The Sasebo command and CNFJ are cooperating to compile arguments justifying the Hario Village commissary’s continued operation, he said.
“I just don’t think we’ll get to that point” of closing it, he said. “A lot of people, at a lot of levels, will weigh in. I think it’ll be determined it’s a really bad idea.”
Also, a base spokeswoman said, the Hario Commissary provides meats, produces bakery items and has cold and dry storage for both commissaries — and there is no budget, plans or room for expanding the main base store.
Still — and despite James’ reassurances — Hario Housing Village resident Tanaya Johnson, wife of Petty Officer 2nd Class David Johnson, USS Essex, said she was “shocked” by the news.
James “said not to lose sleep over this but that’s pretty hard to do,” said Johnson, mother of a 7-month-old son. “The Hario Commissary is so convenient and I know a lot of families out here have only one car or no car at all. Yes, I’m still very concerned about it.”
Johnson said she enjoys shopping in Japanese markets but added, “There aren’t enough English signs … sometimes you can look at something and not be positive what it is. They’d have to educate us a lot more.”

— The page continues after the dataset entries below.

(* Suppose Assumptions (A3) and (A6) hold and $\delta\in\big(0,\frac{1-e^{-\omega}}{2M}\big)$. Let $\alpha_0\in(0,\alpha]$ and $c_2\in(0,\infty)$ be such that $\int e^{\alpha_1D_1(z)}\theta(dz)\le e^{c_2\alpha_1}$ for all $\alpha_1\in[0,\alpha_0]$. Then $\kappa_1:=e^{-\omega}+2\delta M\in(0,1)$, and for all $\alpha_1\in[0,\alpha_0]$, $$\sup_{n\ge0}\int_{\mathbb{R}^d}e^{\alpha_1|x|}\mu_n(dx)\le\Big(\int e^{\alpha_1|x|}\mu_0(dx)\Big)\exp\Big\{\frac{c_2\alpha_1}{1-\kappa_1}\Big\}.$$
   Context: Fix integers $d,m\ge1$, a real $d\times d$ matrix $A$ with operator norm $\|A\|$, $\delta>0$, a Borel probability measure $\theta$ on $\mathbb{R}^m$ and a measurable $f:\mathbb{R}^d\times\mathcal{P}_1(\mathbb{R}^d)\times\mathbb{R}^m\to\mathbb{R}^d$. $\mathcal{P}_1(\mathbb{R}^d)$: Borel probability measures on $\mathbb{R}^d$ with finite first moment, with the Wasserstein-1 distance $\mathcal{W}_1(\mu,\nu)=\inf E|X-Y|$ over couplings. Nonlinear evolution: given $\mu_0\in\mathcal{P}_1(\mathbb{R}^d)$, $\mu_{n+1}=\Psi(\mu_n)$ where $\Psi(\mu)$ is the law of $AX+\delta f(X,\mu,\epsilon)$ with $(X,\epsilon)\sim\mu\otimes\theta$. $D(z):=\sup\frac{|f(x_1,\mu_1,z)-f(x_2,\mu_2,z)|}{|x_1-x_2|+\mathcal{W}_1(\mu_1,\mu_2)}$ (supremum over $(x_1,\mu_1)\neq(x_2,\mu_2)$), $D_1(z):=|f(0,\delta_0,z)|$. (A3): $\|A\|\le e^{-\omega}$ for some $\omega>0$. (A6): (i) for some $M\in(1,\infty)$, $D(z)\le M$ for $\theta$-a.e. $z$; (ii) there is $\alpha>0$ with $\int e^{\alpha|x|}\mu_0(dx)<\infty$ and $\int e^{\alpha D_1(z)}\theta(dz)<\infty$. *)

theory Defs
  imports "HOL-Probability.Probability"
begin

definition P1 :: "(real^'n) measure \<Rightarrow> bool" where
  "P1 \<mu> \<longleftrightarrow> prob_space \<mu> \<and> sets \<mu> = sets borel \<and> integrable \<mu> (\<lambda>x. norm x)"

definition coupling :: "(real^'n) measure \<Rightarrow> (real^'n) measure \<Rightarrow> ((real^'n) \<times> (real^'n)) measure \<Rightarrow> bool" where
  "coupling \<mu> \<nu> \<pi> \<longleftrightarrow> prob_space \<pi> \<and> sets \<pi> = sets (borel \<Otimes>\<^sub>M borel)
     \<and> distr \<pi> borel fst = \<mu> \<and> distr \<pi> borel snd = \<nu>"

definition W1 :: "(real^'n) measure \<Rightarrow> (real^'n) measure \<Rightarrow> real" where
  "W1 \<mu> \<nu> = Inf {(\<integral>p. norm (fst p - snd p) \<partial>\<pi>) | \<pi>. coupling \<mu> \<nu> \<pi>}"

definition Psi :: "real^'n^'n \<Rightarrow> real \<Rightarrow> (real^'n \<Rightarrow> (real^'n) measure \<Rightarrow> real^'m \<Rightarrow> real^'n)
     \<Rightarrow> (real^'m) measure \<Rightarrow> (real^'n) measure \<Rightarrow> (real^'n) measure" where
  "Psi A \<delta> f \<theta> \<mu> = distr (\<mu> \<Otimes>\<^sub>M \<theta>) borel (\<lambda>(x, z). A *v x + \<delta> *\<^sub>R f x \<mu> z)"

definition Dlip :: "(real^'n \<Rightarrow> (real^'n) measure \<Rightarrow> real^'m \<Rightarrow> real^'n) \<Rightarrow> real^'m \<Rightarrow> ereal" where
  "Dlip f z = (SUP p \<in> {((x1, \<mu>1), (x2, \<mu>2)). P1 \<mu>1 \<and> P1 \<mu>2 \<and> (x1, \<mu>1) \<noteq> (x2, \<mu>2)}.
      (case p of ((x1, \<mu>1), (x2, \<mu>2)) \<Rightarrow>
        ereal (norm (f x1 \<mu>1 z - f x2 \<mu>2 z) / (norm (x1 - x2) + W1 \<mu>1 \<mu>2))))"

definition D1 :: "(real^'n \<Rightarrow> (real^'n) measure \<Rightarrow> real^'m \<Rightarrow> real^'n) \<Rightarrow> real^'m \<Rightarrow> real" where
  "D1 f z = norm (f 0 (return borel 0) z)"

end

theory Submission
  imports Defs
begin

text \<open>
  The Lipschitz bound on \<open>f\<close>, with \<open>W\<^sub>1(\<mu>, \<delta>\<^sub>0) \<le> \<integral>|y| d\<mu>\<close>, gives
  \<open>|A x + \<delta> f(x,\<mu>,z)| \<le> \<kappa>|x| + \<delta>M \<integral>|y| d\<mu> + \<delta> D\<^sub>1(z)\<close> with \<open>\<kappa> = e\<^sup>-\<^sup>\<omega> + \<delta>M \<le> 1\<close>.
  Exponentiating and integrating, concavity of \<open>t \<mapsto> t ^ \<kappa>\<close> bounds the first term by \<open>\<ell> ^ \<kappa>\<close>, and
  Jensen's inequality \<open>exp(\<alpha> \<integral>|y| d\<mu>) \<le> \<ell>\<close> bounds the mean-field term by \<open>\<ell> ^ (\<delta>M)\<close>, where
  \<open>\<ell> = \<integral>exp(\<alpha>|y|) d\<mu>\<close>. So the exponential moments \<open>\<ell>\<^sub>n\<close> of \<open>\<mu>\<^sub>n\<close> obey
  \<open>\<ell>\<^sub>n\<^sub>+\<^sub>1 \<le> \<ell>\<^sub>n ^ \<kappa>\<^sub>1 \<cdot> exp(c\<^sub>2\<alpha>\<delta>)\<close> with \<open>\<kappa>\<^sub>1 = e\<^sup>-\<^sup>\<omega> + 2\<delta>M < 1\<close>. As \<open>\<ell>\<^sub>0 \<ge> 1\<close> and
  \<open>C = exp(c\<^sub>2\<alpha>\<delta>/(1-\<kappa>\<^sub>1))\<close> is the fixed point of \<open>y \<mapsto> y ^ \<kappa>\<^sub>1 \<cdot> exp(c\<^sub>2\<alpha>\<delta>)\<close>, induction
  gives \<open>\<ell>\<^sub>n \<le> \<ell>\<^sub>0 C\<close>.
\<close>

section \<open>Couplings and the Wasserstein distance\<close>

lemma coupling_pair_measure:
  fixes \<mu> \<nu> :: "(real^'n) measure"
  assumes p: "prob_space \<mu>" "prob_space \<nu>" and s: "sets \<mu> = sets borel" "sets \<nu> = sets borel"
  shows "coupling \<mu> \<nu> (\<mu> \<Otimes>\<^sub>M \<nu>)"
proof -
  interpret pair_prob_space \<mu> \<nu>
    using p by (simp add: pair_prob_space_def pair_sigma_finite_def prob_space_imp_sigma_finite)
  have "distr (\<mu> \<Otimes>\<^sub>M \<nu>) borel fst = distr (\<mu> \<Otimes>\<^sub>M \<nu>) \<mu> fst"
    by (rule distr_cong) (auto simp: s)
  also have "\<dots> = \<mu>" using prob_space.distr_pair_fst[OF p(2)] .
  finally have fst: "distr (\<mu> \<Otimes>\<^sub>M \<nu>) borel fst = \<mu>" .
  have "distr (\<mu> \<Otimes>\<^sub>M \<nu>) borel snd = distr (\<mu> \<Otimes>\<^sub>M \<nu>) \<nu> snd"
    by (rule distr_cong) (auto simp: s)
  also have "\<dots> = \<nu>"
  proof (intro measure_eqI)
    fix A assume A: "A \<in> sets (distr (\<mu> \<Otimes>\<^sub>M \<nu>) \<nu> snd)"
    then have "emeasure (distr (\<mu> \<Otimes>\<^sub>M \<nu>) \<nu> snd) A = emeasure (\<mu> \<Otimes>\<^sub>M \<nu>) (space \<mu> \<times> A)"
      by (auto simp: emeasure_distr space_pair_measure dest: sets.sets_into_space
          intro!: arg_cong2[where f=emeasure])
    with A show "emeasure (distr (\<mu> \<Otimes>\<^sub>M \<nu>) \<nu> snd) A = emeasure \<nu> A"
      using M2.emeasure_pair_measure_Times[OF sets.top[of \<mu>], of A] by (simp add: M1.emeasure_space_1)
  qed simp
  finally have snd: "distr (\<mu> \<Otimes>\<^sub>M \<nu>) borel snd = \<nu>" .
  show ?thesis
    unfolding coupling_def using fst snd prob_space_pair[OF p] sets_pair_measure_cong[OF s] by simp
qed

lemma coupling_diagonal:
  fixes \<mu> :: "(real^'n) measure"
  assumes p: "prob_space \<mu>" and s: "sets \<mu> = sets borel"
  shows "coupling \<mu> \<mu> (distr \<mu> (borel \<Otimes>\<^sub>M borel) (\<lambda>x. (x, x)))"
proof -
  have diag[measurable]: "(\<lambda>x. (x, x)) \<in> \<mu> \<rightarrow>\<^sub>M borel \<Otimes>\<^sub>M borel"
    by (subst measurable_cong_sets[OF s refl]) measurable
  have marginal: "distr (distr \<mu> (borel \<Otimes>\<^sub>M borel) (\<lambda>x. (x, x))) borel g = \<mu>"
    if "g \<in> borel \<Otimes>\<^sub>M borel \<rightarrow>\<^sub>M borel" "\<And>x. g (x, x) = x" for g
  proof -
    have "distr (distr \<mu> (borel \<Otimes>\<^sub>M borel) (\<lambda>x. (x, x))) borel g = distr \<mu> borel (\<lambda>x. x)"
      by (subst distr_distr[OF that(1) diag]) (simp add: comp_def that(2))
    also have "\<dots> = \<mu>" by (rule distr_id2[OF s[symmetric]])
    finally show ?thesis .
  qed
  show ?thesis
    unfolding coupling_def using prob_space.prob_space_distr[OF p diag] marginal[of fst] marginal[of snd]
    by simp
qed

lemma W1_le_coupling_integral:
  fixes \<mu> \<nu> :: "(real^'n) measure"
  assumes "coupling \<mu> \<nu> \<pi>"
  shows "W1 \<mu> \<nu> \<le> (\<integral>p. norm (fst p - snd p) \<partial>\<pi>)"
  unfolding W1_def
proof (rule cInf_lower)
  show "bdd_below {(\<integral>p. norm (fst p - snd p) \<partial>\<pi>) | \<pi>. coupling \<mu> \<nu> \<pi>}"
    by (rule bdd_belowI[of _ 0]) auto
qed (use assms in blast)

lemma W1_nonneg:
  fixes \<mu> \<nu> :: "(real^'n) measure"
  assumes "P1 \<mu>" "P1 \<nu>"
  shows "0 \<le> W1 \<mu> \<nu>"
  unfolding W1_def
proof (rule cInf_greatest)
  show "{(\<integral>p. norm (fst p - snd p) \<partial>\<pi>) | \<pi>. coupling \<mu> \<nu> \<pi>} \<noteq> {}"
    using coupling_pair_measure[of \<mu> \<nu>] assms unfolding P1_def by blast
qed auto

lemma W1_self:
  fixes \<mu> :: "(real^'n) measure"
  assumes "P1 \<mu>"
  shows "W1 \<mu> \<mu> = 0"
proof -
  have s: "sets \<mu> = sets borel" and p: "prob_space \<mu>" using assms by (auto simp: P1_def)
  have [measurable]: "(\<lambda>x. (x, x)) \<in> \<mu> \<rightarrow>\<^sub>M borel \<Otimes>\<^sub>M borel"
    by (subst measurable_cong_sets[OF s refl]) simp
  have "W1 \<mu> \<mu> \<le> (\<integral>p. norm (fst p - snd p) \<partial>distr \<mu> (borel \<Otimes>\<^sub>M borel) (\<lambda>x. (x, x)))"
    by (rule W1_le_coupling_integral[OF coupling_diagonal[OF p s]])
  also have "\<dots> = 0" by (subst integral_distr) auto
  finally show ?thesis using W1_nonneg[OF assms assms] by simp
qed

lemma W1_le_first_moments:
  fixes \<mu> \<nu> :: "(real^'n) measure"
  assumes "P1 \<mu>" "P1 \<nu>"
  shows "W1 \<mu> \<nu> \<le> (\<integral>x. norm x \<partial>\<mu>) + (\<integral>x. norm x \<partial>\<nu>)"
proof -
  have p: "prob_space \<mu>" "prob_space \<nu>" and s: "sets \<mu> = sets borel" "sets \<nu> = sets borel"
    and i: "integrable \<mu> (\<lambda>x. norm x)" "integrable \<nu> (\<lambda>x. norm x)"
    using assms by (auto simp: P1_def)
  interpret pair_prob_space \<mu> \<nu>
    using p by (simp add: pair_prob_space_def pair_sigma_finite_def prob_space_imp_sigma_finite)
  have [measurable]: "(\<lambda>x::real^'n. norm x) \<in> borel_measurable \<mu>" "(\<lambda>x::real^'n. norm x) \<in> borel_measurable \<nu>"
    by (subst measurable_cong_sets[OF s(1) refl], simp) (subst measurable_cong_sets[OF s(2) refl], simp)
  have "(\<integral>\<^sup>+p. ennreal (norm (fst p - snd p)) \<partial>(\<mu> \<Otimes>\<^sub>M \<nu>))
      \<le> (\<integral>\<^sup>+p. ennreal (norm (fst p)) + ennreal (norm (snd p)) \<partial>(\<mu> \<Otimes>\<^sub>M \<nu>))"
    by (intro nn_integral_mono) (metis ennreal_leI ennreal_plus norm_ge_zero norm_triangle_ineq4)
  also have "\<dots> = (\<integral>\<^sup>+p. ennreal (norm (fst p)) \<partial>(\<mu> \<Otimes>\<^sub>M \<nu>)) + (\<integral>\<^sup>+p. ennreal (norm (snd p)) \<partial>(\<mu> \<Otimes>\<^sub>M \<nu>))"
    by (intro nn_integral_add) auto
  also have "(\<integral>\<^sup>+p. ennreal (norm (fst p)) \<partial>(\<mu> \<Otimes>\<^sub>M \<nu>)) = ennreal (\<integral>x. norm x \<partial>\<mu>)"
    by (subst M2.nn_integral_fst[symmetric])
      (auto simp: M2.emeasure_space_1 intro!: nn_integral_eq_integral[OF i(1)])
  also have "(\<integral>\<^sup>+p. ennreal (norm (snd p)) \<partial>(\<mu> \<Otimes>\<^sub>M \<nu>)) = ennreal (\<integral>x. norm x \<partial>\<nu>)"
    by (subst M2.nn_integral_fst[symmetric])
      (auto simp: M1.emeasure_space_1 intro!: nn_integral_eq_integral[OF i(2)])
  finally have "(\<integral>p. norm (fst p - snd p) \<partial>(\<mu> \<Otimes>\<^sub>M \<nu>)) \<le> (\<integral>x. norm x \<partial>\<mu>) + (\<integral>x. norm x \<partial>\<nu>)"
    by (intro integral_real_bounded) (auto simp: ennreal_plus)
  then show ?thesis
    using W1_le_coupling_integral[OF coupling_pair_measure[OF p s]] by linarith
qed

lemma P1_return_0: "P1 (return borel (0::real^'n))"
  unfolding P1_def by (auto intro!: prob_space_return integrableI_bounded simp: nn_integral_return)

section \<open>The Lipschitz bound on the drift\<close>

lemma Dlip_le_imp_Lipschitz_distinct:
  fixes f :: "real^'n \<Rightarrow> (real^'n) measure \<Rightarrow> real^'m \<Rightarrow> real^'n"
  assumes D: "Dlip f z \<le> ereal M" and "P1 \<mu>1" "P1 \<mu>2" "x1 \<noteq> x2"
  shows "norm (f x1 \<mu>1 z - f x2 \<mu>2 z) \<le> M * (norm (x1 - x2) + W1 \<mu>1 \<mu>2)"
proof -
  have pos: "0 < norm (x1 - x2) + W1 \<mu>1 \<mu>2"
    using assms W1_nonneg[of \<mu>1 \<mu>2] by (simp add: add_pos_nonneg)
  have "ereal (norm (f x1 \<mu>1 z - f x2 \<mu>2 z) / (norm (x1 - x2) + W1 \<mu>1 \<mu>2)) \<le> Dlip f z"
    unfolding Dlip_def by (rule SUP_upper2[of "((x1, \<mu>1), (x2, \<mu>2))"]) (use assms in auto)
  from order.trans[OF this D]
  have "norm (f x1 \<mu>1 z - f x2 \<mu>2 z) / (norm (x1 - x2) + W1 \<mu>1 \<mu>2) \<le> M" by simp
  with pos show ?thesis by (simp add: divide_le_eq mult.commute)
qed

USS Harpers Ferry’s Petty Officer 1st Class Reginald Thomas and his wife, Kim, also live in Hario.
Kim Thomas said she’s observed the store getting brisk patronage. “There is good traffic and use of the store, especially around payday. … Sometimes things get a little scarce on the shelves then.”
“Things were not considered,” James said, “things like the ships being underway a large part of the past two years. It’s highly unfair to use those criteria in a decision.”
“Somebody with some sanity will take that into consideration,” he added.